| Interactive science catches
on in Bay Area schools
An educational partnership is turning kids into comet makers and earthquake predictors
By Diane Ainsworth, Public Affairs
15 NOVEMBER 00 | How do you become a fossil? And stay a fossil? What was the Earth like 4 billion years ago? Why do earthquakes strike in certain places? What is Europe's largest glacier? How do you "make" a comet?
Kids in the San Francisco Unified School District are going online to explore these questions in a model Berkeley educational outreach program designed to bridge the digital divide and raise science comprehension among middle and high school students.
Integrating Science, Teaching, and Technology, one of the Interactive University's 11 projects, is a unique partnership between four campus units and San Francisco schools to develop a variety of inquiry-based digital science materials for use in the classroom.
But it's not just the students who have benefited from this collaboration, said Judy Scotchmoor, project coordinator for the program and director of education and public programs in Berkeley's Museum of Paleontology, one of the four campus participants.
"We've developed some wonderful partnerships with the San Francisco schools," she said. "With the new emphasis on earth and space sciences in the district, our work with the science teachers has helped them to structure their courses around the district's new content and performance standards and has helped them feel more confident about teaching the subjects."
Along with three other units - the Berkeley Seismological Laboratory, the Center for Particle Astrophysics and the Center for Science Education at Space Sciences Laboratory - the team has produced some of the most imaginative and engaging science classes and teacher workshops around.
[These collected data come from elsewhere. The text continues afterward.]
lemma gibbs_inequality:
  fixes s :: "'x \<Rightarrow> real" and r :: "'x pmf"
  assumes s_nonneg: "\<And>x. 0 \<le> s x" and s_mass: "(\<integral>\<^sup>+x. ennreal (s x) \<partial>count_space UNIV) \<le> 1"
    and s_pos: "\<And>x. x \<in> set_pmf r \<Longrightarrow> 0 < s x"
  shows "(\<integral>x. log 2 (s x / pmf r x) \<partial>r) \<le> 0"
proof (cases "integrable r (\<lambda>x. log 2 (s x / pmf r x))")
  case False
  then show ?thesis by (simp add: not_integrable_integral_eq)
next
  case True
  note ratio = integrable_ratio_pmf[OF s_nonneg s_mass, of r]
  have "(\<integral>x. log 2 (s x / pmf r x) \<partial>r) \<le> (\<integral>x. (s x / pmf r x - 1) / ln 2 \<partial>r)"
  proof (rule integral_mono_AE[OF True])
    show "integrable r (\<lambda>x. (s x / pmf r x - 1) / ln 2)" using ratio(1) by auto
    show "AE x in r. log 2 (s x / pmf r x) \<le> (s x / pmf r x - 1) / ln 2"
      using AE_measure_pmf[of r]
      by eventually_elim (auto intro!: log_le_linear divide_pos_pos s_pos pmf_positive)
  qed
  also have "\<dots> = ((\<integral>x. s x / pmf r x \<partial>r) - 1) / ln 2"
    using ratio(1) by simp
  also have "\<dots> \<le> 0" using ratio(2) by (simp add: divide_nonpos_pos)
  finally show ?thesis .
qed

lemma minfo_nonneg: "0 \<le> minfo q"
proof -
  let ?s = "\<lambda>xy. pmf (map_pmf fst q) (fst xy) * pmf (map_pmf snd q) (snd xy)"
  have "AE xy in q. log 2 (?s xy / pmf q xy) = - pmi q xy"
    using AE_measure_pmf[of q]
    by eventually_elim (simp add: pmi_def log_divide pmf_pos_marginals)
  then have "(\<integral>xy. log 2 (?s xy / pmf q xy) \<partial>q) = - minfo q"
    unfolding minfo_eq_integral_pmi by (subst integral_cong_AE) auto
  moreover have "(\<integral>xy. log 2 (?s xy / pmf q xy) \<partial>q) \<le> 0"
    by (rule gibbs_inequality) (auto simp: nn_integral_pmf_product pmf_pos_marginals)
  ultimately show ?thesis by simp
qed
theorem mainTheorem5:
  fixes lam :: real and \<theta> \<zeta>0 :: "(ennreal \<times> ennreal) measure" and z :: "real \<Rightarrow> real"
  assumes "fluid_data lam \<theta> \<zeta>0"
    and "ennreal lam * (\<integral>\<^sup>+ x. fst x * indicator {p. snd p = \<top>} x \<partial>\<theta>) < 1"
    and "(\<integral>\<^sup>+ x. min (fst x) (snd x) \<partial>\<theta>) < \<top>"
    and "fluid_solution lam \<theta> \<zeta>0 z"
  shows "\<exists>M. \<forall>t\<ge>0. z t \<le> M"
proof -
  have S: "sets \<theta> = sets borel"
    using assms(1) unfolding fluid_data_def by auto
  note [measurable] = fst_measurable_sets_borel[OF S] snd_measurable_sets_borel[OF S]
  note space = space_sets_borel[OF S]
  define tail where "tail n = (\<integral>\<^sup>+p\<in>{p. of_nat n < snd p}. min (fst p) (snd p) \<partial>\<theta>)" for n :: nat
  have "(\<lambda>n. ennreal lam * tail n) \<longlonglongrightarrow> ennreal lam * (\<integral>\<^sup>+ x. fst x * indicator {p. snd p = \<top>} x \<partial>\<theta>)"
    using tendsto_nn_integral_min_tail[of fst \<theta> snd] assms(3)
    by (intro ennreal_tendsto_cmult) (simp_all add: tail_def space)
  then have "eventually (\<lambda>n. ennreal lam * tail n < 1) sequentially"
    using assms(2) by (rule order_tendstoD)
  then obtain n where "ennreal lam * tail n < 1"
    by (auto simp: eventually_sequentially)
  moreover define r where "r = enn2real (ennreal lam * tail n)"
  ultimately have tail_eq: "ennreal lam * tail n = ennreal r"
    by (auto simp: ennreal_enn2real_if)
  with \<open>ennreal lam * tail n < 1\<close> have "r < 1"
    by simp
  have "continuous_on {0..} z"
    using assms(4) unfolding fluid_solution_def by blast
  then show ?thesis
    using \<open>r < 1\<close>
  proof (rule bounded_if_le_affine_running_max)
    fix t M assume "0 \<le> t" "1 \<le> M" "\<forall>s\<in>{0..t}. z s \<le> M"
    then show "z t \<le> measure \<zeta>0 (space \<zeta>0) + lam * real n + r * M"
      using tail_eq by (intro fluid_solution_le_affine[OF assms(1,4)])
        (simp_all add: r_def tail_def ennreal_of_nat_eq_real_of_nat)
  qed
qed

end
(* Let $G$ be a zero-one reaction network with three species whose dimension ($=\operatorname{rank}$ of its stoichiometric matrix) is $2$, and suppose $G$ is degenerate. Let $G'$ be the network obtained from $G$ by removing all redundant species, and let $h$ be the steady-state system augmented by conservation laws of $G'$. Then every polynomial $f_i$ occurring in $h$ (i.e. $h_i=f_i$ for $i\notin I$) is a sum of exactly two monomials in the concentration variables $x$ (with coefficients in $\mathbb{Q}(\kappa)$, a constant term counting as a monomial); that is, the steady-state system of $G'$ is binomial.
   Context: A reaction network has species $X_1,\dots,X_s$ and reactions $\mu_{1j}X_1+\dots+\mu_{sj}X_s\xrightarrow{\kappa_j}\nu_{1j}X_1+\dots+\nu_{sj}X_s$ ($j=1,\dots,m$) with nonnegative integer coefficients, reactant vector different from product vector, and $\kappa_j>0$. It is zero-one if all $\mu_{ij},\nu_{ij}\in\{0,1\}$. Stoichiometric matrix $\mathcal{N}$: $(i,j)$-entry $\nu_{ij}-\mu_{ij}$; stoichiometric subspace $S$ = column space of $\mathcal{N}$. Mass-action dynamics: $\dot x=f(\kappa,x):=\mathcal{N}v(\kappa,x)$, $v_j=\kappa_j\prod_i x_i^{\mu_{ij}}$, so $f_i\in\mathbb{Q}(\kappa)[x]$. With $d=s-\operatorname{rank}\mathcal{N}$, a conservation-law matrix $W$ is a $d\times s$ row-reduced matrix whose rows form a basis of $S^\perp$; let $I=\{i_1<\dots<i_d\}$ be the column indices of the leading nonzero entries of the rows of $W$. The steady-state system augmented by conservation laws is $h=(h_1,\dots,h_s)$ with $h_i=f_i$ if $i\notin I$ and $h_{i_k}=(Wx-c)_k$ for $i_k\in I$, $c\in\mathbb{R}^d$. A positive steady state $x^*\in\mathbb{R}^s_{>0}$ for $\kappa^*$ (with $f(\kappa^*,x^* )=0$) is degenerate if $\operatorname{Jac}_f(\kappa^*,x^* )|_S$ does not map onto $S$ (equivalently $\operatorname{Jac}_h$ at $x^*$ is singular). A network is degenerate if it admits positive steady states for some $\kappa$ and all of its positive steady states (for all $\kappa$) are degenerate. A species is redundant if in every reaction it either does not appear or appears on both the reactant and product side; removing it means deleting it from every reaction. *)

theory Defs
  imports "Jordan_Normal_Form.DL_Rank" "Jordan_Normal_Form.Gauss_Jordan_Elimination"
          "HOL-Library.Poly_Mapping"
begin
During the summer of 1999, approximately 1200 incoming ninth-grade students in a program called Summer Step-Up had a virtual university of online tools and data about the universe, earthquakes, volcanoes, geology and paleontological collections to assist them in lessons about the natural world. San Francisco was so pleased with the results that it asked for resources again for Summer Step-Up 2000.
"For the teachers, it was an opportunity to test new earth and space science materials that they could use during the regular school year," said Colleen Whitney, a team member working at the Museum of Paleontology. "For us, it was working with the teachers, which gave us a chance to test new educational modules and get feedback about their effectiveness in a variety of classroom situations."
The project team has worked with as many as eight teachers at four schools - Horace Mann Middle School, Mission High School, the Galileo Academy of Science and Technology and Thurgood Marshall High School - to deliver innovative, hands-on and online materials, including a rich inventory of digital data and images, to the classroom.
In a program developed by the Berkeley Seismological Laboratory, students are able to study earthquakes and apply their knowledge to new temblors making the news. Seismologist Lind Gee spends part of her time following quakes and building lessons around each new shaker.
"I enjoy structuring activities around current events and talking to people about earthquakes," Gee said. "The teachers always give me more ideas for developing new online activities."
She designed a full menu of activities around the recent Sept. 3 quake in Yountville. Background information, maps and seismograms have been posted, as well as links to Web pages that allow students to make their own maps of earthquake faults and likely hot spots, by plotting coordinates on a U.S. Geological Survey grid.
"We try to take advantage of a teachable moment by providing relevant materials when an earthquake, volcano or some other earth science event is in the news," Gee said. "We act like a clearinghouse for them in finding the best informational sites so they don't spend hours searching."
To complement an online course on comets, scientists from the Space Sciences Laboratory showed up at Horace Mann Middle School in May with nearly 60 pounds of dry ice, mixing bowls, plastic bags and other ingredients to show sixth-grade students the art of making comets.
Donning their "Bill
Nye the Science Guy" chef's hats and aprons, the scientists pulled out
mixing bowls and added dry ice, water, ammonia and dirt to create their
very own comets-in-a-bowl. At the end of the demonstration, the class
convened in the school computer lab to take a lesson online from "The
Comet's Tail," an information-rich resource developed by the Space Sciences
Laboratory's Center for Science Education, which explores the origins,
characteristics and orbits of comets.